Task statement:
In the entries below, find the line with "finite A \<and>" and the line with "(THE j. card". Return those two lines and all lines between them, exactly.
─── Material shown
(* If there exist a CMDRR$(n,k)$, a SAMDRR$(m)$, and two mutually orthogonal latin squares of order $n$, then there exists a CMDRR$(mn, mk)$.
   Context: A mixed doubles game is a match between two teams, each team consisting of one man and one woman; in a game $M_a F_b$ v $M_c F_d$, $M_a$ and $F_b$ are partners, $M_c$ and $F_d$ are partners, and each player of one team opposes each player of the other team. A complete mixed doubles round robin tournament CMDRR$(n,k)$ is a schedule (set) of mixed doubles games for $n$ men and $n$ women, of which $k$ men and $k$ women are paired into $k$ spouse pairs (a spouse pair is one man and one woman), such that: spouses never play in a game together as partners or opponents; every man and woman who are not spouses are partners exactly once and opponents exactly once; each player who has a spouse opposes every other player of the same sex exactly once; each player who does not have a spouse opposes some other same-sex player who does not have a spouse exactly twice and opposes all other same-sex players exactly once. A spouse-avoiding mixed doubles round robin tournament SAMDRR$(m)$ is a schedule of mixed doubles games for $m$ husband-and-wife couples in which spouses never play in a game together as partners or opponents, every man and woman who are not spouses are partners exactly once and opponents exactly once, and every pair of players of the same sex are opponents exactly once (i.e. a CMDRR$(m,m)$). *)

theory Defs
  imports Main
begin

text \<open>Players: men M_0..M_(n-1) and women F_0..F_(n-1), both indexed by {..<n}.
A team is a pair (man, woman). A game M_a F_b v M_c F_d is the unordered pair of
teams {(a,b),(c,d)}.\<close>

type_synonym team = "nat \<times> nat"
type_synonym game = "team set"

definition is_game :: "nat \<Rightarrow> game \<Rightarrow> bool" where
  "is_game n g \<longleftrightarrow> (\<exists>a b c d. g = {(a,b),(c,d)} \<and> a < n \<and> b < n \<and> c < n \<and> d < n
                         \<and> a \<noteq> c \<and> b \<noteq> d)"

definition plays_man :: "game \<Rightarrow> nat \<Rightarrow> bool" where
  "plays_man g x \<longleftrightarrow> (\<exists>t\<in>g. fst t = x)"

definition plays_woman :: "game \<Rightarrow> nat \<Rightarrow> bool" where
  "plays_woman g y \<longleftrightarrow> (\<exists>t\<in>g. snd t = y)"

definition partners :: "game set \<Rightarrow> nat \<Rightarrow> nat \<Rightarrow> nat" where
  "partners S a b = card {g\<in>S. (a,b) \<in> g}"

definition opp_mw :: "game set \<Rightarrow> nat \<Rightarrow> nat \<Rightarrow> nat" where
  "opp_mw S a b = card {g\<in>S. \<exists>t\<in>g. \<exists>u\<in>g. t \<noteq> u \<and> fst t = a \<and> snd u = b}"

definition opp_mm :: "game set \<Rightarrow> nat \<Rightarrow> nat \<Rightarrow> nat" where
  "opp_mm S a c = card {g\<in>S. \<exists>t\<in>g. \<exists>u\<in>g. t \<noteq> u \<and> fst t = a \<and> fst u = c}"

definition opp_ww :: "game set \<Rightarrow> nat \<Rightarrow> nat \<Rightarrow> nat" where
  "opp_ww S b d = card {g\<in>S. \<exists>t\<in>g. \<exists>u\<in>g. t \<noteq> u \<and> snd t = b \<and> snd u = d}"

definition spouse_pairs :: "nat \<Rightarrow> nat \<Rightarrow> team set \<Rightarrow> bool" where
  "spouse_pairs n k sp \<longleftrightarrow> sp \<subseteq> {..<n} \<times> {..<n} \<and> card sp = k
     \<and> (\<forall>p\<in>sp. \<forall>q\<in>sp. fst p = fst q \<longleftrightarrow> snd p = snd q)"

definition has_spouse_m :: "team set \<Rightarrow> nat \<Rightarrow> bool" where
  "has_spouse_m sp a \<longleftrightarrow> (\<exists>y. (a,y) \<in> sp)"

definition has_spouse_w :: "team set \<Rightarrow> nat \<Rightarrow> bool" where
  "has_spouse_w sp b \<longleftrightarrow> (\<exists>x. (x,b) \<in> sp)"

definition is_cmdrr :: "nat \<Rightarrow> nat \<Rightarrow> team set \<Rightarrow> game set \<Rightarrow> bool" where
  "is_cmdrr n k sp S \<longleftrightarrow>
     spouse_pairs n k sp \<and>
     (\<forall>g\<in>S. is_game n g) \<and>
     (\<forall>g\<in>S. \<forall>(x,y)\<in>sp. \<not> (plays_man g x \<and> plays_woman g y)) \<and>
     (\<forall>a<n. \<forall>b<n. (a,b) \<notin> sp \<longrightarrow> partners S a b = 1 \<and> opp_mw S a b = 1) \<and>
     (\<forall>a<n. has_spouse_m sp a \<longrightarrow> (\<forall>c<n. c \<noteq> a \<longrightarrow> opp_mm S a c = 1)) \<and>
     (\<forall>a<n. \<not> has_spouse_m sp a \<longrightarrow>
        (\<exists>c<n. c \<noteq> a \<and> \<not> has_spouse_m sp c \<and> opp_mm S a c = 2 \<and>
           (\<forall>c'<n. c' \<noteq> a \<and> c' \<noteq> c \<longrightarrow> opp_mm S a c' = 1))) \<and>
     (\<forall>b<n. has_spouse_w sp b \<longrightarrow> (\<forall>d<n. d \<noteq> b \<longrightarrow> opp_ww S b d = 1)) \<and>
     (\<forall>b<n. \<not> has_spouse_w sp b \<longrightarrow>
        (\<exists>d<n. d \<noteq> b \<and> \<not> has_spouse_w sp d \<and> opp_ww S b d = 2 \<and>
           (\<forall>d'<n. d' \<noteq> b \<and> d' \<noteq> d \<longrightarrow> opp_ww S b d' = 1)))"

definition CMDRR_exists :: "nat \<Rightarrow> nat \<Rightarrow> bool" where
  "CMDRR_exists n k \<longleftrightarrow> (\<exists>sp S. is_cmdrr n k sp S)"
theorem mainTheorem13:
  fixes b K N :: nat and lo G :: int and M :: "int \<Rightarrow> nat multiset"
  assumes "b \<ge> 2"
    and "valid_config b lo N M"
    and "\<exists>l. M l \<noteq> {#}"
    and "K \<ge> 1"
    and "2 ^ K \<le> Atot lo N M G"
    and "Atot lo N M G < 2 ^ b"
  shows "measure_pmf.expectation (pmf_of_set {1..nat (Atot lo N M G)})
           (\<lambda>x. real (scanned lo N M G x))
         \<le> 2 * real b + real N * (real N + 1) / 2 ^ (K + 1)"
proof -
  let ?A = "real_of_int (Atot lo N M G)"
  have A_ge: "(2::real) ^ K \<le> ?A"
    using assms(5) by (metis of_int_le_iff of_int_numeral of_int_power)
  moreover have "(0::real) < 2 ^ K" by simp
  ultimately have A_pos: "0 < ?A" by linarith
  have "measure_pmf.expectation (pmf_of_set {1..nat (Atot lo N M G)})
          (\<lambda>x. real (scanned lo N M G x))
        = (\<Sum>i<N. real (i + 1) * Alev M G (topLevel lo N M - int i)) / ?A"
    using A_pos assms(2,3) by (intro expectation_scanned) simp_all
  also have "\<dots> \<le> (2 * real b * ?A + real N * (real N + 1) / 2) / ?A"
    using assms(1-3) A_pos by (intro divide_right_mono weighted_Alev_sum_le) simp_all
  also have "\<dots> = 2 * real b + real N * (real N + 1) / (2 * ?A)"
    using A_pos by (simp add: field_simps)
  also have "\<dots> \<le> 2 * real b + real N * (real N + 1) / 2 ^ (K + 1)"
    using A_ge A_pos by (simp add: divide_left_mono)
  finally show ?thesis .
qed

end
(* Let $p_1\ge p_2\ge\cdots\ge p_n$ be positive integers (not necessarily distinct). Let $q_1>q_2>\cdots>q_m$ be the distinct values among $p_1,\dots,p_n$. Then the number of distinct sequences in $\{S_c((p_1,\dots,p_n)) : c\in[0,1]\}$ equals the number of distinct sequences in $\{S_c((q_1,\dots,q_m)) : c\in[0,1]\}$.
   Context: Stationary divisor method with cut point $c\in[0,1]$ for a vote vector $\mathbf v=(v_1,\dots,v_r)$ with $v_1\ge\cdots\ge v_r$: seats are allocated one at a time. Initially each party $i$ has $a_i=0$ seats; each next seat goes to a party $i$ maximizing $v_i/(a_i+c)$, whose $a_i$ then increases by $1$. Ties are broken in favor of the smallest index. For $c=0$ the convention is that $v_i/0>v_j/0$ whenever $v_i>v_j$, ties among equal $v_i/0$ are broken by smallest index, and $v_i/0>v_j/k$ for every $k>0$. $S_c(\mathbf v)$ is the infinite sequence of indices of the parties receiving successive seats. *)

theory Defs
  imports Complex_Main "HOL-Library.Equipollence"
begin

text \<open>Priority comparison for the stationary divisor method with cut point c.
  prio_ge c v a w b holds iff the quotient v/(a+c) is at least w/(b+c),
  with the convention for c = 0 that v/0 beats w/k for every k > 0 and
  v/0 versus w/0 is compared by v versus w.\<close>
definition prio_ge :: "real \<Rightarrow> real \<Rightarrow> nat \<Rightarrow> real \<Rightarrow> nat \<Rightarrow> bool" where
  "prio_ge c v a w b =
     (if real a + c = 0 then (real b + c \<noteq> 0 \<or> w \<le> v)
      else (real b + c \<noteq> 0 \<and> w / (real b + c) \<le> v / (real a + c)))"
text \<open>Words of length n over the alphabet A are functions on the coordinate set
  E = {1..n} with values in A (extensional: undefined outside E), i.e. PiE E (\<lambda>_. A).\<close>

definition proj_code :: "(nat \<Rightarrow> 'a) set \<Rightarrow> nat set \<Rightarrow> (nat \<Rightarrow> 'a) set" where
  "proj_code C X = (\<lambda>w. restrict w X) ` C"

text \<open>The alphabet is finite with at least two letters so that log base |A| makes sense.\<close>
definition almost_affine_code :: "'a set \<Rightarrow> nat \<Rightarrow> nat \<Rightarrow> (nat \<Rightarrow> 'a) set \<Rightarrow> bool" where
  "almost_affine_code A n k C \<longleftrightarrow>
     finite A \<and> 2 \<le> card A \<and> C \<subseteq> PiE {1..n} (\<lambda>_. A) \<and> card C = card A ^ k \<and>
     (\<forall>X \<subseteq> {1..n}. \<exists>j::nat. card (proj_code C X) = card A ^ j)"

text \<open>Rank function of the associated matroid: r(X) = log_|A| |C_X|.\<close>
definition code_rank :: "'a set \<Rightarrow> (nat \<Rightarrow> 'a) set \<Rightarrow> nat set \<Rightarrow> nat" where
  "code_rank A C X = (THE j. card (proj_code C X) = card A ^ j)"

definition Phi :: "nat set \<Rightarrow> nat set \<Rightarrow> ('a \<Rightarrow> 'a \<Rightarrow> 'a) \<Rightarrow> (nat \<Rightarrow> 'a) \<Rightarrow> (nat \<Rightarrow> 'a) \<Rightarrow> (nat \<Rightarrow> 'a)" where
  "Phi E B \<phi> m w = (\<lambda>i. if i \<in> B then w i else if i \<in> E then \<phi> (w i) (m i) else undefined)"

definition code_m :: "nat set \<Rightarrow> nat set \<Rightarrow> ('a \<Rightarrow> 'a \<Rightarrow> 'a) \<Rightarrow> (nat \<Rightarrow> 'a) \<Rightarrow> (nat \<Rightarrow> 'a) set \<Rightarrow> (nat \<Rightarrow> 'a) set" where
  "code_m E B \<phi> m C = Phi E B \<phi> m ` C"

definition D_code :: "'a set \<Rightarrow> nat set \<Rightarrow> nat set \<Rightarrow> ('a \<Rightarrow> 'a \<Rightarrow> 'a) \<Rightarrow> (nat \<Rightarrow> 'a) set
    \<Rightarrow> nat set \<Rightarrow> (nat \<Rightarrow> 'a) \<Rightarrow> (nat \<Rightarrow> 'a) set" where
  "D_code A E B \<phi> C X M =
     (\<Union>m \<in> {m \<in> PiE (E - B) (\<lambda>_. A). restrict m X = M}. code_m E B \<phi> m C)"

end

theory Submission
  imports Defs
begin

text \<open>Write \<open>Z = B \<union> X\<close>. Since \<open>\<phi> (\<cdot>) (M i)\<close> permutes \<open>A\<close> for \<open>i \<in> X\<close> and \<open>\<phi> (w i)\<close> is onto \<open>A\<close>
  at every coordinate outside \<open>Z\<close>, a word lies in \<open>D\<^sub>X\<^sub>,\<^sub>M\<close> exactly when its restriction to \<open>Z\<close> is
  the image of a codeword under a fixed coordinatewise bijection, its other coordinates being
  arbitrary. Hence the projection of \<open>D\<^sub>X\<^sub>,\<^sub>M\<close> to \<open>Y\<close> has \<open>|C\<^sub>Y\<^sub>\<inter>\<^sub>Z| |A|\<^bsup>|Y - Z|\<^esup>\<close> elements,
  and \<open>r(Z) = k\<close> because \<open>Z\<close> contains the basis \<open>B\<close>.\<close>

definition cylinder :: "nat set \<Rightarrow> 'a set \<Rightarrow> nat set \<Rightarrow> (nat \<Rightarrow> 'a) set \<Rightarrow> (nat \<Rightarrow> 'a) set" where
  "cylinder E A Z S = {d \<in> PiE E (\<lambda>_. A). restrict d Z \<in> S}"

definition relabel_code :: "(nat \<Rightarrow> 'a \<Rightarrow> 'a) \<Rightarrow> nat set \<Rightarrow> (nat \<Rightarrow> 'a) set \<Rightarrow> (nat \<Rightarrow> 'a) set" where
  "relabel_code g Z C = (\<lambda>w. \<lambda>i\<in>Z. g i (w i)) ` C"

lemma code_rank_eqI:
  assumes "2 \<le> card A" and "card (proj_code C X) = card A ^ j"
  shows "code_rank A C X = j"
  unfolding code_rank_def
proof (rule the_equality)
  fix i assume "card (proj_code C X) = card A ^ i"
  with assms show "i = j" using power_inject_exp[of "card A" i j] by simp
qed (fact assms(2))

lemma card_proj_code_eq_power_rank:
  assumes "almost_affine_code A n k C" and "X \<subseteq> {1..n}"
  shows "card (proj_code C X) = card A ^ code_rank A C X"
proof -
  obtain j where j: "card (proj_code C X) = card A ^ j"
    using assms unfolding almost_affine_code_def by blast
  with assms(1) show ?thesis
    using code_rank_eqI[OF _ j] by (simp add: almost_affine_code_def)
qed

lemma proj_code_full:
  assumes "C \<subseteq> PiE E (\<lambda>_. A)"
  shows "proj_code C E = C"
proof -
  have "proj_code C E = (\<lambda>w. w) ` C"
    unfolding proj_code_def by (rule image_cong) (use assms in auto)
  then show ?thesis by simp
qed

lemma card_proj_code_mono:
  assumes "finite C" and "Y \<subseteq> Z"
  shows "card (proj_code C Y) \<le> card (proj_code C Z)"
proof -
  have "proj_code C Y = (\<lambda>u. restrict u Y) ` proj_code C Z"
    unfolding proj_code_def image_image
    using assms(2) by (intro image_cong) (auto simp: restrict_def fun_eq_iff)
  then show ?thesis
    using assms(1) unfolding proj_code_def by (metis card_image_le finite_imageI)
qed

lemma card_proj_code_le:
  assumes "finite C"
  shows "card (proj_code C Z) \<le> card C"
  unfolding proj_code_def using assms by (rule card_image_le)

lemma code_rank_superset_of_full_rank:
  assumes code: "almost_affine_code A n k C" and rank_B: "code_rank A C B = k"
    and "B \<subseteq> Z" and Z: "Z \<subseteq> {1..n}"
  shows "code_rank A C Z = k"
proof -
  have A: "finite A" "2 \<le> card A" and C: "C \<subseteq> PiE {1..n} (\<lambda>_. A)" "card C = card A ^ k"
    using code unfolding almost_affine_code_def by auto
  have "finite C" using finite_subset[OF C(1)] A(1) by (simp add: finite_PiE)
  have "card A ^ k = card (proj_code C B)"
    using card_proj_code_eq_power_rank[OF code] rank_B \<open>B \<subseteq> Z\<close> Z by auto
  also have "\<dots> \<le> card (proj_code C Z)" by (rule card_proj_code_mono) fact+
  finally have "card (proj_code C Z) = card A ^ k"
    using card_proj_code_le[OF \<open>finite C\<close>, of Z] C(2) by simp
  then show ?thesis by (rule code_rank_eqI[OF A(2)])
qed

lemma card_cylinder:
  assumes "finite A" and "finite Y" and "Z \<subseteq> Y" and S: "S \<subseteq> PiE Z (\<lambda>_. A)"
  shows "card (cylinder Y A Z S) = card S * card A ^ card (Y - Z)"
proof -
  let ?split = "\<lambda>e. (restrict e Z, restrict e (Y - Z))"
  let ?merge = "\<lambda>(u, v). (\<lambda>i. if i \<in> Z then u i else v i)"
  have "bij_betw ?split (cylinder Y A Z S) (S \<times> PiE (Y - Z) (\<lambda>_. A))"
  proof (rule bij_betwI[where g = ?merge])
    have "?merge (u, v) \<in> cylinder Y A Z S"
      if "u \<in> S" and "v \<in> PiE (Y - Z) (\<lambda>_. A)" for u v
    proof -
      have u: "u \<in> PiE Z (\<lambda>_. A)" using that S by auto
      then have "restrict (?merge (u, v)) Z = u"
        by (auto simp: PiE_def extensional_def fun_eq_iff)
      with u that assms(3) show ?thesis
        by (auto simp: cylinder_def PiE_def Pi_def extensional_def)
    qed
    then show "?merge \<in> S \<times> PiE (Y - Z) (\<lambda>_. A) \<rightarrow> cylinder Y A Z S" by auto
    show "?split (?merge p) = p" if "p \<in> S \<times> PiE (Y - Z) (\<lambda>_. A)" for p
      using that S by (auto simp: PiE_def extensional_def fun_eq_iff)
  qed (use assms(3) in \<open>auto simp: cylinder_def PiE_def extensional_def\<close>)
  then have "card (cylinder Y A Z S) = card S * card (PiE (Y - Z) (\<lambda>_. A))"
    by (simp add: bij_betw_same_card card_cartesian_product)
  then show ?thesis using assms(2) by (simp add: card_PiE)
qed

lemma proj_code_cylinder:
  assumes "A \<noteq> {}" and "Y \<subseteq> E" and "Z \<subseteq> E" and S: "S \<subseteq> PiE Z (\<lambda>_. A)"
  shows "proj_code (cylinder E A Z S) Y = cylinder Y A (Y \<inter> Z) (proj_code S (Y \<inter> Z))"
proof (intro equalityI subsetI)
  fix e assume "e \<in> proj_code (cylinder E A Z S) Y"
  then obtain d where d: "d \<in> PiE E (\<lambda>_. A)" "restrict d Z \<in> S" and e: "e = restrict d Y"
    unfolding proj_code_def cylinder_def by auto
  have "restrict e (Y \<inter> Z) = restrict (restrict d Z) (Y \<inter> Z)"
    unfolding e by (auto simp: restrict_def)
  then have "restrict e (Y \<inter> Z) \<in> proj_code S (Y \<inter> Z)"
    using d(2) unfolding proj_code_def by blast
  moreover have "e \<in> PiE Y (\<lambda>_. A)" using d(1) assms(2) unfolding e by auto
  ultimately show "e \<in> cylinder Y A (Y \<inter> Z) (proj_code S (Y \<inter> Z))"
    unfolding cylinder_def by blast
next
  fix e assume "e \<in> cylinder Y A (Y \<inter> Z) (proj_code S (Y \<inter> Z))"
  then obtain s where e: "e \<in> PiE Y (\<lambda>_. A)" and s: "s \<in> S"
    and es: "restrict e (Y \<inter> Z) = restrict s (Y \<inter> Z)"
    unfolding cylinder_def proj_code_def by auto
  obtain a where a: "a \<in> A" using assms(1) by auto
  have sZ: "s \<in> PiE Z (\<lambda>_. A)" using s S by auto
  have agree: "e i = s i" if "i \<in> Y" "i \<in> Z" for i
    using fun_cong[OF es, of i] that by simp
  define d where "d = (\<lambda>i. if i \<in> Y then e i else if i \<in> Z then s i else if i \<in> E then a else undefined)"
  have "restrict d Z = s"
    using sZ agree by (auto simp: d_def restrict_def fun_eq_iff PiE_def extensional_def)
  moreover have "d \<in> PiE E (\<lambda>_. A)"
    using e sZ a assms(2,3) by (auto simp: d_def PiE_def Pi_def extensional_def)
  moreover have "restrict d Y = e"
    using e by (auto simp: d_def restrict_def fun_eq_iff PiE_def extensional_def)
  ultimately show "e \<in> proj_code (cylinder E A Z S) Y"
    using s unfolding proj_code_def cylinder_def by force
qed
──────
Answer space:
     finite A \<and> 2 \<le> card A \<and> C \<subseteq> PiE {1..n} (\<lambda>_. A) \<and> card C = card A ^ k \<and>
     (\<forall>X \<subseteq> {1..n}. \<exists>j::nat. card (proj_code C X) = card A ^ j)"

text \<open>Rank function of the associated matroid: r(X) = log_|A| |C_X|.\<close>
definition code_rank :: "'a set \<Rightarrow> (nat \<Rightarrow> 'a) set \<Rightarrow> nat set \<Rightarrow> nat" where
  "code_rank A C X = (THE j. card (proj_code C X) = card A ^ j)"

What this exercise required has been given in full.